What is easier for us is to pray that God would rescue us from mess of this world and whisk us away to join him in eternal bliss in heaven. Yet the Lord’s Prayer gives no hint of this. Jesus goes on to suggest we command that, “Your will be done here on earth as in heaven.” We are not to pray that we be taken from earth, but rather command that heaven, where the Kingdom of God is totally at work, comes here to earth.
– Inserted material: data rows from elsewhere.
(* Let $I\subseteq\mathbb R$ be a closed bounded interval, let $n$ be a positive integer, and let $W\ge 0$, $D>0$. Let $\mathcal U$ be the set of functions $f$ assigning to each $\alpha\in I$ an interval $f(\alpha)=[\underline f(\alpha),\overline f(\alpha)]$ of length $W/n$ such that $\lvert\underline f(\alpha_0)-\underline f(\alpha_1)\rvert\le \tfrac12 D\lvert\alpha_0-\alpha_1\rvert$ for all $\alpha_0,\alpha_1\in I$. Suppose $f_1,\dots,f_n,g_1,\dots,g_n\in\mathcal U$ satisfy, for all $i,j\in\{1,\dots,n\}$, $$\underline{g_j}(\min I)-\overline{f_i}(\min I)\ge W,\qquad \underline{f_i}(\max I)-\overline{g_j}(\max I)\ge W.$$ For $f\in\mathcal U$ let $R_f:=\{(\alpha,v)\in I\times\mathbb R : v\in f(\alpha)\}$. Then $$\bigl\lvert R_{f_1}\cup\dots\cup R_{f_n}\cup R_{g_1}\cup\dots\cup R_{g_n}\bigr\rvert \le 2W\lvert I\rvert-\frac{W^2}{D},$$ where the left side is two-dimensional Lebesgue measure and $\lvert I\rvert$ is the length of $I$. *)

theory Defs
  imports "HOL-Analysis.Analysis"
begin

text \<open>An element f of the class U is represented by its lower endpoint function
  fl; the interval is f(alpha) = [fl alpha, fl alpha + W/n].\<close>

definition in_U :: "real \<Rightarrow> real \<Rightarrow> nat \<Rightarrow> real \<Rightarrow> real \<Rightarrow> (real \<Rightarrow> real) \<Rightarrow> bool" where
  "in_U a b n W D fl \<longleftrightarrow>
     (\<forall>\<alpha>0\<in>{a..b}. \<forall>\<alpha>1\<in>{a..b}. \<bar>fl \<alpha>0 - fl \<alpha>1\<bar> \<le> D / 2 * \<bar>\<alpha>0 - \<alpha>1\<bar>)"

definition region :: "real \<Rightarrow> real \<Rightarrow> nat \<Rightarrow> real \<Rightarrow> (real \<Rightarrow> real) \<Rightarrow> (real \<times> real) set" where
  "region a b n W fl = {(\<alpha>, v). \<alpha> \<in> {a..b} \<and> fl \<alpha> \<le> v \<and> v \<le> fl \<alpha> + W / real n}"

end

theory Submission
  imports Defs
begin

(* Write l = W / n. At each alpha, the n intervals [f_i(alpha), f_i(alpha) + l] can be pushed apart
   into n pairwise l-separated intervals [Y_k(alpha), Y_k(alpha) + l] that cover them, with each Y_k
   still (D/2)-Lipschitz in alpha; likewise Z_m for the g_j. The slice of the union at alpha thus has
   length at most 2W minus the sum of the overlaps max 0 (l - |Y_k - Z_m|). By the boundary
   conditions each D-Lipschitz function Y_k - Z_m passes from below -l to above l, so around a zero
   its overlap dominates a tent of height l and half-width l / D, whose integral is l^2 / D.
   Integrating the slices over I and summing over the n^2 pairs gives 2 W |I| - W^2 / D. *)

(* Stacking the intervals indexed by S downward from the highest one at spacing l puts the k-th
   from the bottom at Max (x ` S) - (card S - k) * l; spread takes the lowest such position. *)
definition spread :: "('a \<Rightarrow> real) \<Rightarrow> 'a set \<Rightarrow> real \<Rightarrow> nat \<Rightarrow> real" where
  "spread x I l k =
     Min ((\<lambda>S. Max (x ` S) - (real (card S) - real k) * l) ` {S. S \<subseteq> I \<and> k \<le> card S})"

lemma spread_le:
  assumes "finite I" "S \<subseteq> I" "k \<le> card S"
  shows "spread x I l k \<le> Max (x ` S) - (real (card S) - real k) * l"
  unfolding spread_def using assms
  by (intro Min_le) (auto intro: finite_subset[of _ "Pow I"])

lemma spread_attained:
  assumes "finite I" "k \<le> card I"
  obtains S where "S \<subseteq> I" "k \<le> card S"
    "spread x I l k = Max (x ` S) - (real (card S) - real k) * l"
proof -
  have "spread x I l k \<in> (\<lambda>S. Max (x ` S) - (real (card S) - real k) * l) ` {S. S \<subseteq> I \<and> k \<le> card S}"
    unfolding spread_def using assms
    by (intro Min_in) (auto intro: finite_subset[of _ "Pow I"])
  then show ?thesis using that by auto
qed

lemma spread_separated:
  assumes "finite I" "k < k'" "k' \<le> card I" "l \<ge> 0"
  shows "spread x I l k + l \<le> spread x I l k'"
proof -
  obtain S where S: "S \<subseteq> I" "k' \<le> card S"
    "spread x I l k' = Max (x ` S) - (real (card S) - real k') * l"
    using spread_attained[OF assms(1,3)] .
  have "spread x I l k \<le> Max (x ` S) - (real (card S) - real k) * l"
    using S assms by (intro spread_le) auto
  moreover have "l \<le> (real k' - real k) * l"
    using assms by (simp add: mult_le_cancel_right1)
  ultimately show ?thesis using S(3) by (simp add: algebra_simps)
qed

lemma spread_Suc_le:
  assumes I: "finite I" "i \<in> I" and v: "x i \<le> v" "v \<le> x i + l" and l: "l \<ge> 0"
    and k: "1 \<le> k" "k \<le> card I" and gap: "spread x I l k + l < v"
  shows "Suc k \<le> card I \<and> spread x I l (Suc k) \<le> v"
proof -
  obtain S where S: "S \<subseteq> I" "k \<le> card S"
    and spread_k: "spread x I l k = Max (x ` S) - (real (card S) - real k) * l"
    using spread_attained[OF I(1) k(2)] .
  have finS: "finite S" and "S \<noteq> {}" using S I(1) k by (auto intro: finite_subset)
  have "\<exists>S'. S' \<subseteq> I \<and> Suc k \<le> card S' \<and> Max (x ` S') - (real (card S') - real (Suc k)) * l \<le> v"
  proof (cases "i \<in> S")
    case True
    have "x i \<le> Max (x ` S)" using True finS by auto
    then have "card S \<noteq> k" using spread_k gap v by auto
    then show ?thesis using S spread_k gap by (intro exI[of _ S]) (auto simp: algebra_simps)
  next
    case False
    have "Max (x ` insert i S) = max (x i) (Max (x ` S))"
      using finS \<open>S \<noteq> {}\<close> by simp
    moreover have "card (insert i S) = Suc (card S)" using False finS by simp
    moreover have "0 \<le> (real (card S) - real k) * l" using S(2) l by simp
    ultimately show ?thesis using S I v gap spread_k
      by (intro exI[of _ "insert i S"]) (auto simp: algebra_simps)
  qed
  then obtain S' where S': "S' \<subseteq> I" "Suc k \<le> card S'"
    "Max (x ` S') - (real (card S') - real (Suc k)) * l \<le> v" by blast
  have "card S' \<le> card I" using S'(1) I(1) by (rule card_mono[rotated])
  then show ?thesis using S' spread_le[OF I(1) S'(1,2), of x l] by linarith
qed

lemma spread_covers:
  assumes "finite I" "i \<in> I" "x i \<le> v" "v \<le> x i + l" "l \<ge> 0"
  shows "\<exists>k\<in>{1..card I}. spread x I l k \<le> v \<and> v \<le> spread x I l k + l"
proof -
  define K where "K = {k\<in>{1..card I}. spread x I l k \<le> v}"
  have "spread x I l 1 \<le> Max (x ` {i}) - (real (card {i}) - real 1) * l"
    using assms by (intro spread_le) auto
  moreover have "card I > 0" using assms card_gt_0_iff by blast
  ultimately have "1 \<in> K" using assms by (auto simp: K_def)
  moreover have "finite K" by (simp add: K_def)
  ultimately have "Max K \<in> K" and Max_ge: "\<And>k. k \<in> K \<Longrightarrow> k \<le> Max K"
    by (auto intro: Max_in)
  moreover have "v \<le> spread x I l (Max K) + l"
  proof (rule ccontr)
    assume "\<not> ?thesis"
    then have "Suc (Max K) \<in> K"
      using spread_Suc_le[of I i x v l "Max K"] assms \<open>Max K \<in> K\<close> by (auto simp: K_def)
    then show False using Max_ge by fastforce
  qed
  ultimately show ?thesis by (auto simp: K_def)
qed
lemma dominated_by_slope_segment:
  assumes "(real k0, real_of_rat (v (pc P k0))) \<in> convex hull T"
    and "(real N, real_of_rat (v (pc P N))) \<in> convex hull T"
    and "k0 \<le> j" "j \<le> N" "pc P k0 \<noteq> 0" "v (pc P k0) + s * (of_nat j - of_nat k0) \<le> w"
  shows "\<exists>y'\<le>real_of_rat w. (real j, y') \<in> convex hull T"
proof (rule dominated_by_segment[OF assms(1,2)])
  have "v (pc P N) \<le> v (pc P k0) + s * (of_nat N - of_nat k0)"
    using line_le_v_pc[of k0] assms(3-5) by (simp add: end_line_def algebra_simps)
  then show "real_of_rat (v (pc P N)) \<le>
      real_of_rat (v (pc P k0)) + real_of_rat s * (real N - real k0)"
    by (simp only: of_rat_less_eq flip: of_rat_affine)
  show "real_of_rat (v (pc P k0)) + real_of_rat s * (real j - real k0) \<le> real_of_rat w"
    using assms(6) by (simp only: of_rat_less_eq flip: of_rat_affine)
qed (use assms(3,4) in auto)

lemma NP_le_NP_Pc: "NP v P x \<le> NP v Pc x"
  unfolding NP_eq_lower_hull
proof (rule lower_hull_le_if_dominated)
  fix x y assume "(x, y) \<in> np_points v Pc"
  then obtain j where j: "x = real j" "y = real_of_rat (v (pc Pc j))" "j \<le> N" "pc Pc j \<noteq> 0"
    by (auto simp: np_points_Pc)
  obtain k0 where k0: "k0 \<le> j" "pc P k0 \<noteq> 0" "\<And>k. k \<le> j \<Longrightarrow> pc P k \<noteq> 0 \<Longrightarrow> tilt k0 \<le> tilt k"
    using first_min_tiltE by metis
  have "v (pc P k0) + s * (of_nat j - of_nat k0) \<le> v (pc Pc j)"
    using v_pc_Pc_ge_tilt[OF k0(1) j(3) k0(3) j(4)] by (simp add: algebra_simps)
  moreover have "(real k0, real_of_rat (v (pc P k0))) \<in> convex hull np_points v P"
    "(real N, real_of_rat (v (pc P N))) \<in> convex hull np_points v P"
    using k0 j pc_degree by (auto simp: np_points_def intro!: hull_inc)
  ultimately show "\<exists>y'\<le>y. (x, y') \<in> convex hull np_points v P"
    unfolding j(1,2) using k0(1,2) j(3) by (intro dominated_by_slope_segment)
qed

lemma NP_le_NP_Pc_with_last_point:
  "lower_hull (insert (real N, intercept + real_of_rat s * real N) (np_points v Pc)) x \<le> NP v P x"
  unfolding NP_eq_lower_hull
proof (rule lower_hull_le_if_dominated)
  fix x y assume "(x, y) \<in> np_points v P"
  then obtain j where j: "x = real j" "y = real_of_rat (v (pc P j))" "j \<le> N" "pc P j \<noteq> 0"
    by (auto simp: np_points_def)
  obtain k0 where k0: "k0 \<le> j" "pc P k0 \<noteq> 0" "\<And>k. k \<le> j \<Longrightarrow> pc P k \<noteq> 0 \<Longrightarrow> tilt k0 \<le> tilt k"
    "\<And>k. k < k0 \<Longrightarrow> pc P k \<noteq> 0 \<Longrightarrow> tilt k0 < tilt k"
    using first_min_tiltE by metis
  have "v (pc P k0) + s * (of_nat j - of_nat k0) \<le> v (pc P j)"
    using k0(3)[OF order_refl j(4)] by (simp add: algebra_simps)
  moreover have "pc Pc k0 \<noteq> 0" "v (pc Pc k0) = v (pc P k0)"
    using v_pc_Pc_first_min_tilt[of k0] k0 j(3) by auto
  then have "(real k0, real_of_rat (v (pc P k0))) \<in>
      convex hull insert (real N, intercept + real_of_rat s * real N) (np_points v Pc)"
    using k0(1) j(3) by (force simp: np_points_Pc intro!: hull_inc)
  moreover have "(real N, real_of_rat (v (pc P N))) \<in>
      convex hull insert (real N, intercept + real_of_rat s * real N) (np_points v Pc)"
    by (rule hull_inc) (simp add: of_rat_line[symmetric])
  ultimately show "\<exists>y'\<le>y. (x, y') \<in>
      convex hull insert (real N, intercept + real_of_rat s * real N) (np_points v Pc)"
    unfolding j(1,2) using k0(1,2) j(3) by (intro dominated_by_slope_segment)
qed

lemma NP_Pc_eq_NP:
  assumes "x \<le> real (N - q)"
  shows "NP v Pc x = NP v P x"
proof (rule antisym)
  have "real (N - q) < real N"
    using order_residue_root degree_pos by simp
  then have "NP v Pc x =
      lower_hull (insert (real N, intercept + real_of_rat s * real N) (np_points v Pc)) x"
    unfolding NP_eq_lower_hull using assms
    by (intro lower_hull_insert_right[OF np_points_Pc_vertex np_points_Pc_above, symmetric])
  then show "NP v Pc x \<le> NP v P x"
    using NP_le_NP_Pc_with_last_point by simp
qed (rule NP_le_NP_Pc)

lemma breakpoint_Pc: "breakpoint v Pc (real (N - q))"
  using NP_Pc_vertex NP_Pc_above_line NP_Pc_above_line_strict
  by (intro breakpointI_supporting_line[where a = intercept and b = "real_of_rat s"])
     (auto simp: degree_Pc)

lemma NP_Pc_slope_gt:
  assumes "real (N - q) \<le> x" "x < y" "NP v Pc x \<noteq> \<infinity>"
  shows "NP v Pc x + ereal (real_of_rat s * (y - x)) < NP v Pc y"
  using assms NP_Pc_vertex NP_Pc_above_line_strict unfolding NP_eq_lower_hull
  by (intro lower_hull_slope_gt[OF finite_np_points]) auto

end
The focus of “Your Kingdom Come” is not us, but the world we live in. It should be translated “Set the world aright,” says British Bible scholar N.T. Wright. To “set the world aright” means to make the world a better place. This is what Jesus is calling us to pray and not surprisingly it was the central to his work also. Seeing the Kingdom come here on earth was so much part of the ministry of Jesus that he was sentenced and put to death as a social activist wanting to set the world aright.
Ever since Jesus first taught this prayer, it has been prayed millions of times by millions of people around the world. Each time, it is an instruction for the rule of God to be brought to this planet. Each time it is a call to God to bring justice and peace to planet earth. Each time, God is pleased to answer and bring more of his rule to individuals, families, communities, cities and nations. One day it will culminate in the Kingdom of God coming in all its fullness here on earth as it is in heaven.
Let’s keep praying for God’s Kingdom to come on earth, across all facets of time and place.